As mentioned hereinbefore, the tubular member 14 around the shaft 2 may consist of a tube provided with lateral cutouts through which the lever arms 6, 12 pass and are joined to the shaft 2. In relation to the technique of manufacture, however, an embodiment is especially advantageous wherein the tubular member 14 consists of semi-cylindrical shells, which in the form of embodiment shown in Figure 1 are open towards the observer in the region of the lever arm 6 and are open away from the observer in the region of the lever arm 12. These shell sections can be joined to one another via the seal carrier 15, for example they may be welded by an annular bead.
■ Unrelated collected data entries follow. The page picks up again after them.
(* Let $X,Y\colon\mathcal H\leftarrow\mathcal G$ be groupoid correspondences. Any $\mathcal H,\mathcal G$-equivariant continuous map $\alpha\colon X\to Y$ is a local homeomorphism. Consequently, an injective such map is a homeomorphism from $X$ onto an open subset of $Y$, and it is a homeomorphism onto $Y$ if it is also surjective.
   Context: Groupoids are étale ($r,s$ local homeomorphisms, continuous multiplication and inversion) with Hausdorff locally compact object space. A groupoid correspondence $X\colon\mathcal H\leftarrow\mathcal G$ is a space with commuting continuous left $\mathcal H$-action (anchor $r\colon X\to\mathcal H^0$) and right $\mathcal G$-action (anchor $s\colon X\to\mathcal G^0$), such that $s$ is a local homeomorphism and the right action is free and proper. A map $\alpha$ is $\mathcal H,\mathcal G$-equivariant if it preserves both anchor maps and satisfies $\alpha(hxg)=h\alpha(x)g$. *)

theory Defs
  imports "HOL-Analysis.Analysis"
begin

definition local_homeomorphism_map :: "'a topology \<Rightarrow> 'b topology \<Rightarrow> ('a \<Rightarrow> 'b) \<Rightarrow> bool" where
  "local_homeomorphism_map X Y f \<longleftrightarrow>
     continuous_map X Y f \<and>
     (\<forall>x\<in>topspace X. \<exists>U. openin X U \<and> x \<in> U \<and> openin Y (f ` U) \<and>
          homeomorphic_map (subtopology X U) (subtopology Y (f ` U)) f)"

record ('o, 'a) groupoid =
  obj_top :: "'o topology"
  arr_top :: "'a topology"
  rng  :: "'a \<Rightarrow> 'o"
  src  :: "'a \<Rightarrow> 'o"
  mult :: "'a \<Rightarrow> 'a \<Rightarrow> 'a"
  ginv :: "'a \<Rightarrow> 'a"
  gunit :: "'o \<Rightarrow> 'a"

abbreviation objs :: "('o, 'a, 'z) groupoid_scheme \<Rightarrow> 'o set" where
  "objs G \<equiv> topspace (obj_top G)"

abbreviation arrs :: "('o, 'a, 'z) groupoid_scheme \<Rightarrow> 'a set" where
  "arrs G \<equiv> topspace (arr_top G)"

definition composable_pairs :: "('o, 'a, 'z) groupoid_scheme \<Rightarrow> ('a \<times> 'a) set" where
  "composable_pairs G = {(g, h). g \<in> arrs G \<and> h \<in> arrs G \<and> src G g = rng G h}"

definition groupoid_axioms :: "('o, 'a, 'z) groupoid_scheme \<Rightarrow> bool" where
  "groupoid_axioms G \<longleftrightarrow>
     (\<forall>g\<in>arrs G. rng G g \<in> objs G \<and> src G g \<in> objs G) \<and>
     (\<forall>x\<in>objs G. gunit G x \<in> arrs G \<and> rng G (gunit G x) = x \<and> src G (gunit G x) = x) \<and>
     (\<forall>g\<in>arrs G. \<forall>h\<in>arrs G. src G g = rng G h \<longrightarrow>
        mult G g h \<in> arrs G \<and> rng G (mult G g h) = rng G g \<and> src G (mult G g h) = src G h) \<and>
     (\<forall>g\<in>arrs G. \<forall>h\<in>arrs G. \<forall>k\<in>arrs G. src G g = rng G h \<longrightarrow> src G h = rng G k \<longrightarrow>
        mult G (mult G g h) k = mult G g (mult G h k)) \<and>
     (\<forall>g\<in>arrs G. mult G (gunit G (rng G g)) g = g \<and> mult G g (gunit G (src G g)) = g) \<and>
     (\<forall>g\<in>arrs G. ginv G g \<in> arrs G \<and> rng G (ginv G g) = src G g \<and> src G (ginv G g) = rng G g \<and>
        mult G g (ginv G g) = gunit G (rng G g) \<and> mult G (ginv G g) g = gunit G (src G g))"

definition etale_groupoid :: "('o, 'a, 'z) groupoid_scheme \<Rightarrow> bool" where
  "etale_groupoid G \<longleftrightarrow>
     groupoid_axioms G \<and>
     continuous_map (arr_top G) (obj_top G) (rng G) \<and>
     continuous_map (arr_top G) (obj_top G) (src G) \<and>
     continuous_map (obj_top G) (arr_top G) (gunit G) \<and>
     continuous_map (arr_top G) (arr_top G) (ginv G) \<and>
     continuous_map (subtopology (prod_topology (arr_top G) (arr_top G)) (composable_pairs G))
        (arr_top G) (\<lambda>(g, h). mult G g h) \<and>
     local_homeomorphism_map (arr_top G) (obj_top G) (rng G) \<and>
     local_homeomorphism_map (arr_top G) (obj_top G) (src G) \<and>
     Hausdorff_space (obj_top G) \<and> locally_compact_space (obj_top G)"

record ('x, 'ho, 'ha, 'go, 'ga) corr =
  ctop :: "'x topology"
  lanchor :: "'x \<Rightarrow> 'ho"
  ranchor :: "'x \<Rightarrow> 'go"
  lact :: "'ha \<Rightarrow> 'x \<Rightarrow> 'x"
  ract :: "'x \<Rightarrow> 'ga \<Rightarrow> 'x"

definition lact_dom ::
  "('ho, 'ha, 'z1) groupoid_scheme \<Rightarrow> ('x, 'ho, 'ha, 'go, 'ga, 'z) corr_scheme \<Rightarrow> ('ha \<times> 'x) set" where
  "lact_dom H X = {(h, x). h \<in> arrs H \<and> x \<in> topspace (ctop X) \<and> src H h = lanchor X x}"

definition ract_dom ::
  "('go, 'ga, 'z2) groupoid_scheme \<Rightarrow> ('x, 'ho, 'ha, 'go, 'ga, 'z) corr_scheme \<Rightarrow> ('x \<times> 'ga) set" where
  "ract_dom G X = {(x, g). x \<in> topspace (ctop X) \<and> g \<in> arrs G \<and> ranchor X x = rng G g}"

definition groupoid_correspondence ::
  "('ho, 'ha, 'z1) groupoid_scheme \<Rightarrow> ('go, 'ga, 'z2) groupoid_scheme \<Rightarrow>
   ('x, 'ho, 'ha, 'go, 'ga, 'z) corr_scheme \<Rightarrow> bool" where
  "groupoid_correspondence H G X \<longleftrightarrow>
     etale_groupoid H \<and> etale_groupoid G \<and>
     \<comment> \<open>anchor maps\<close>
     continuous_map (ctop X) (obj_top H) (lanchor X) \<and>
     continuous_map (ctop X) (obj_top G) (ranchor X) \<and>
     \<comment> \<open>left H-action\<close>
     (\<forall>(h, x)\<in>lact_dom H X. lact X h x \<in> topspace (ctop X) \<and>
        lanchor X (lact X h x) = rng H h \<and> ranchor X (lact X h x) = ranchor X x) \<and>
     (\<forall>x\<in>topspace (ctop X). lact X (gunit H (lanchor X x)) x = x) \<and>
     (\<forall>h1\<in>arrs H. \<forall>h2\<in>arrs H. \<forall>x\<in>topspace (ctop X).
        src H h1 = rng H h2 \<longrightarrow> src H h2 = lanchor X x \<longrightarrow>
        lact X h1 (lact X h2 x) = lact X (mult H h1 h2) x) \<and>
     continuous_map (subtopology (prod_topology (arr_top H) (ctop X)) (lact_dom H X))
        (ctop X) (\<lambda>(h, x). lact X h x) \<and>
     \<comment> \<open>right G-action\<close>
     (\<forall>(x, g)\<in>ract_dom G X. ract X x g \<in> topspace (ctop X) \<and>
        ranchor X (ract X x g) = src G g \<and> lanchor X (ract X x g) = lanchor X x) \<and>
     (\<forall>x\<in>topspace (ctop X). ract X x (gunit G (ranchor X x)) = x) \<and>
     (\<forall>x\<in>topspace (ctop X). \<forall>g1\<in>arrs G. \<forall>g2\<in>arrs G.
        ranchor X x = rng G g1 \<longrightarrow> src G g1 = rng G g2 \<longrightarrow>
        ract X (ract X x g1) g2 = ract X x (mult G g1 g2)) \<and>
     continuous_map (subtopology (prod_topology (ctop X) (arr_top G)) (ract_dom G X))
        (ctop X) (\<lambda>(x, g). ract X x g) \<and>
     \<comment> \<open>the actions commute\<close>
     (\<forall>h\<in>arrs H. \<forall>x\<in>topspace (ctop X). \<forall>g\<in>arrs G.
        src H h = lanchor X x \<longrightarrow> ranchor X x = rng G g \<longrightarrow>
        ract X (lact X h x) g = lact X h (ract X x g)) \<and>
     \<comment> \<open>s is a local homeomorphism\<close>
     local_homeomorphism_map (ctop X) (obj_top G) (ranchor X) \<and>
     \<comment> \<open>right action free\<close>
     (\<forall>(x, g)\<in>ract_dom G X. ract X x g = x \<longrightarrow> g = gunit G (ranchor X x)) \<and>
     \<comment> \<open>right action proper\<close>
     proper_map (subtopology (prod_topology (ctop X) (arr_top G)) (ract_dom G X))
        (prod_topology (ctop X) (ctop X)) (\<lambda>(x, g). (x, ract X x g))"

definition equivariant_map ::
  "('ho, 'ha, 'z1) groupoid_scheme \<Rightarrow> ('go, 'ga, 'z2) groupoid_scheme \<Rightarrow>
   ('x, 'ho, 'ha, 'go, 'ga, 'z) corr_scheme \<Rightarrow> ('y, 'ho, 'ha, 'go, 'ga, 'w) corr_scheme \<Rightarrow>
   ('x \<Rightarrow> 'y) \<Rightarrow> bool" where
  "equivariant_map H G X Y f \<longleftrightarrow>
     (\<forall>x\<in>topspace (ctop X). f x \<in> topspace (ctop Y)) \<and>
     (\<forall>x\<in>topspace (ctop X). lanchor Y (f x) = lanchor X x \<and> ranchor Y (f x) = ranchor X x) \<and>
     (\<forall>h\<in>arrs H. \<forall>x\<in>topspace (ctop X). \<forall>g\<in>arrs G.
        src H h = lanchor X x \<longrightarrow> ranchor X x = rng G g \<longrightarrow>
        f (ract X (lact X h x) g) = ract Y (lact Y h (f x)) g)"

end

theory Submission
  imports Defs
begin

text \<open>The right anchor map is a local homeomorphism on both X and Y, and equivariance makes
  it factor as ranchor Y \<circ> \<alpha> = ranchor X. A continuous map between two local homeomorphisms
  over a common base is itself a local homeomorphism: near x, \<alpha> is the composite of a chart
  of ranchor X with the inverse of a chart of ranchor Y. Local homeomorphisms are open maps, so
  an injective one is an embedding with open image.\<close>

lemma homeomorphic_map_cancel_left:
  assumes f: "continuous_map X Y f"
    and q: "homeomorphic_map Y Z q"
    and p: "homeomorphic_map X Z p"
    and comm: "\<And>x. x \<in> topspace X \<Longrightarrow> q (f x) = p x"
  shows "homeomorphic_map X Y f"
proof -
  obtain g where g: "homeomorphic_maps Y Z q g"
    using q by (auto simp: homeomorphic_map_maps)
  have "homeomorphic_map X Y (g \<circ> p)"
    using p g by (intro homeomorphic_map_compose) (auto simp: homeomorphic_maps_map)
  moreover have "(g \<circ> p) x = f x" if "x \<in> topspace X" for x
  proof -
    have "f x \<in> topspace Y"
      using f that by (auto simp: continuous_map_def)
    then show ?thesis
      using g comm[OF that] unfolding homeomorphic_maps_def by (metis comp_apply)
  qed
  ultimately show ?thesis
    by (rule homeomorphic_map_eq)
qed

context
  fixes X :: "'a topology" and Y :: "'b topology" and f :: "'a \<Rightarrow> 'b" and U :: "'a set"
  assumes U: "openin X U" and fU: "openin Y (f ` U)"
    and chart: "homeomorphic_map (subtopology X U) (subtopology Y (f ` U)) f"
begin

lemma chart_openin_image_iff:
  assumes "S \<subseteq> U"
  shows "openin Y (f ` S) \<longleftrightarrow> openin X S"
proof -
  have "openin (subtopology Y (f ` U)) (f ` S) \<longleftrightarrow> openin (subtopology X U) S"
    using assms openin_subset[OF U] by (intro homeomorphic_map_openness[OF chart]) auto
  then show ?thesis
    using assms by (simp add: openin_open_subtopology[OF U] openin_open_subtopology[OF fU] image_mono)
qed

lemma chart_restrict:
  assumes "S \<subseteq> U"
  shows "homeomorphic_map (subtopology X S) (subtopology Y (f ` S)) f"
proof -
  have "homeomorphic_map (subtopology (subtopology X U) S) (subtopology (subtopology Y (f ` U)) (f ` S)) f"
    using assms openin_subset[OF U] openin_subset[OF fU]
    by (intro homeomorphic_map_subtopologies[OF chart]) auto
  then show ?thesis
    using assms by (simp add: subtopology_subtopology Int_absorb1 image_mono)
qed

end

lemma local_homeomorphism_imp_open_map:
  assumes "local_homeomorphism_map X Y f"
  shows "open_map X Y f"
  unfolding open_map_def
proof (intro allI impI)
  fix S assume S: "openin X S"
  show "openin Y (f ` S)"
  proof (subst openin_subopen, intro ballI)
    fix y assume "y \<in> f ` S"
    then obtain x where x: "x \<in> S" "y = f x" by auto
    then obtain U where U: "openin X U" "x \<in> U" "openin Y (f ` U)"
      "homeomorphic_map (subtopology X U) (subtopology Y (f ` U)) f"
      using assms openin_subset[OF S] unfolding local_homeomorphism_map_def by blast
    have "openin Y (f ` (S \<inter> U))"
      using chart_openin_image_iff[OF U(1,3,4)] S U(1) by blast
    then show "\<exists>T. openin Y T \<and> y \<in> T \<and> T \<subseteq> f ` S"
      using x U(2) by blast
  qed
qed

lemma local_homeomorphism_cancel_left:
  assumes f: "continuous_map X Y f"
    and p: "local_homeomorphism_map X Z p"
    and q: "local_homeomorphism_map Y Z q"
    and comm: "\<And>x. x \<in> topspace X \<Longrightarrow> q (f x) = p x"
  shows "local_homeomorphism_map X Y f"
  unfolding local_homeomorphism_map_def
proof (intro conjI f ballI)
  fix x assume x: "x \<in> topspace X"
  obtain U where U: "openin X U" "x \<in> U" "openin Z (p ` U)"
      "homeomorphic_map (subtopology X U) (subtopology Z (p ` U)) p"
    using p x unfolding local_homeomorphism_map_def by blast
  obtain V where V: "openin Y V" "f x \<in> V" "openin Z (q ` V)"
      "homeomorphic_map (subtopology Y V) (subtopology Z (q ` V)) q"
    using q x continuous_map_image_subset_topspace[OF f]
    unfolding local_homeomorphism_map_def by blast
  define W where "W = {y \<in> U. f y \<in> V}"
  have W: "openin X W" "W \<subseteq> U" "x \<in> W"
    using openin_continuous_map_preimage_gen[OF f U(1) V(1)] U(2) V(2) by (auto simp: W_def)
  have fW: "f ` W \<subseteq> V"
    by (auto simp: W_def)
  have qfW: "q ` f ` W = p ` W"
    using comm W(2) openin_subset[OF U(1)] by (force simp: image_comp)
  have "openin Z (p ` W)"
    using chart_openin_image_iff[OF U(1,3,4) W(2)] W(1) by blast
  then have open_fW: "openin Y (f ` W)"
    using chart_openin_image_iff[OF V(1,3,4) fW] qfW by simp
  have "homeomorphic_map (subtopology X W) (subtopology Y (f ` W)) f"
  proof (rule homeomorphic_map_cancel_left)
    show "continuous_map (subtopology X W) (subtopology Y (f ` W)) f"
      using f by (auto simp: continuous_map_in_subtopology continuous_map_from_subtopology)
    show "homeomorphic_map (subtopology Y (f ` W)) (subtopology Z (p ` W)) q"
      using chart_restrict[OF V(1,3,4) fW] qfW by simp
    show "homeomorphic_map (subtopology X W) (subtopology Z (p ` W)) p"
      using chart_restrict[OF U(1,3,4) W(2)] .
  qed (use comm in auto)
  then show "\<exists>W. openin X W \<and> x \<in> W \<and> openin Y (f ` W) \<and>
          homeomorphic_map (subtopology X W) (subtopology Y (f ` W)) f"
    using W open_fW by blast
qed

theorem lemma6p1:
  fixes H :: "('ho, 'ha) groupoid" and G :: "('go, 'ga) groupoid"
    and X :: "('x, 'ho, 'ha, 'go, 'ga) corr" and Y :: "('y, 'ho, 'ha, 'go, 'ga) corr"
    and \<alpha> :: "'x \<Rightarrow> 'y"
  assumes "groupoid_correspondence H G X"
    and "groupoid_correspondence H G Y"
    and "equivariant_map H G X Y \<alpha>"
    and "continuous_map (ctop X) (ctop Y) \<alpha>"
  shows "local_homeomorphism_map (ctop X) (ctop Y) \<alpha>
    \<and> (inj_on \<alpha> (topspace (ctop X)) \<longrightarrow>
         openin (ctop Y) (\<alpha> ` topspace (ctop X)) \<and>
         homeomorphic_map (ctop X) (subtopology (ctop Y) (\<alpha> ` topspace (ctop X))) \<alpha>)
    \<and> (inj_on \<alpha> (topspace (ctop X)) \<and> \<alpha> ` topspace (ctop X) = topspace (ctop Y) \<longrightarrow>
         homeomorphic_map (ctop X) (ctop Y) \<alpha>)"
proof -
  have local_homeo: "local_homeomorphism_map (ctop X) (ctop Y) \<alpha>"
  proof (rule local_homeomorphism_cancel_left[OF assms(4)])
    show "local_homeomorphism_map (ctop X) (obj_top G) (ranchor X)"
      "local_homeomorphism_map (ctop Y) (obj_top G) (ranchor Y)"
      using assms(1,2) unfolding groupoid_correspondence_def by blast+
    show "\<And>x. x \<in> topspace (ctop X) \<Longrightarrow> ranchor Y (\<alpha> x) = ranchor X x"
      using assms(3) unfolding equivariant_map_def by blast
  qed
  then have "open_map (ctop X) (ctop Y) \<alpha>"
    by (rule local_homeomorphism_imp_open_map)
  then have "openin (ctop Y) (\<alpha> ` topspace (ctop X))"
    and "inj_on \<alpha> (topspace (ctop X)) \<Longrightarrow> embedding_map (ctop X) (ctop Y) \<alpha>"
    using assms(4) by (auto simp: open_map_def intro: injective_open_imp_embedding_map)
  then show ?thesis
    using local_homeo surjective_embedding_map unfolding embedding_map_def by blast
qed

end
No separate seal need be provided to pass the shaft 2 through its bearings 3, provided the valve actuator is disposed in a space into which the flap 4 swivels in the opening sense.

Claims (10)

Claims

1. A flap valve comprising at least one flap, a shaft on which the or each flap is carried, a flap frame against which the flap is sealed around its periphery when the valve is closed, the or each flap being mounted on the shaft by at least one lever arm fixed to the shaft and extending outwardly of the axis of rotation thereof, the valve also comprising a tubular member surrounding the shaft and connected hermetically at each end of the tubular member to the flap frame and having lateral opening in the region of the or each lever arm and through which the lever arm extends, annular sealing means positioned between the shaft and the tubular member adjacent the or each lateral opening, a first peripheral sealing face on the or each flap, a second sealing face on said flap frame and on the tubular member a resilient sealing gasket on one of said sealing faces and sealingly engaged by the other of said sealing faces around its whole periphery when the valve is closed.

2. A flap valve as claimed in Claim 1 having a pair of flaps mounted on the shaft at diametrically opposite positions thereon by a pair of lever arms on each flap, each lever arm extending through a respective lateral opening in the tubular member, one lever arm of each pair extending in opposite directions through respective oppositely-directed lateral openings between which there is one said annular sealing means to prevent communication between said oppositely-directed lateral openings.

3. A flap valve as claimed in Claim 1 or 2 in which the or each flap is arranged to swivel on the lever arm or respective lever arm.

4. A flap valve as claimed in any preceding claim in which the or each lever arm is mounted on a locking ring secured to the shaft.

5. A flap valve as claimed in any preceding claim in which the or each annular sealing means comprises an annular seal carrier joined hermetically at its outer periphegy to the inside of the tubular member and at least one annular sealing gasket positioned between the annular carrier and the shaft.

6. A flap valve as claimed in Claim 5 in which the tubular member comprises part-cylindrical cooperating shells which are joined together by or within the or each annular seal carrier.

7. A flap valve as claimed in any preceding claim in which the resilient sealing gasket is mounted on the flap frame and comprises double gaskets spaced apart on the flap frame and defining a space therebetween.

8. A flap valve as claimed in any preceding claim in which the annular sealing means between the shaft and the tubular member comprises a pair of gaskets spaced apart axially of the tubular member and acting in opposite directions and defining a space therebetween.

9. A flap valve as claimed in Claim 7 or 8 in which the space defined between the respective gaskets communicates with a duct through which leakage past the gaskets into the respective space is detectable.

10. A flap valve contructed and arranged substantially as described herein and shown in the accompanying drawings.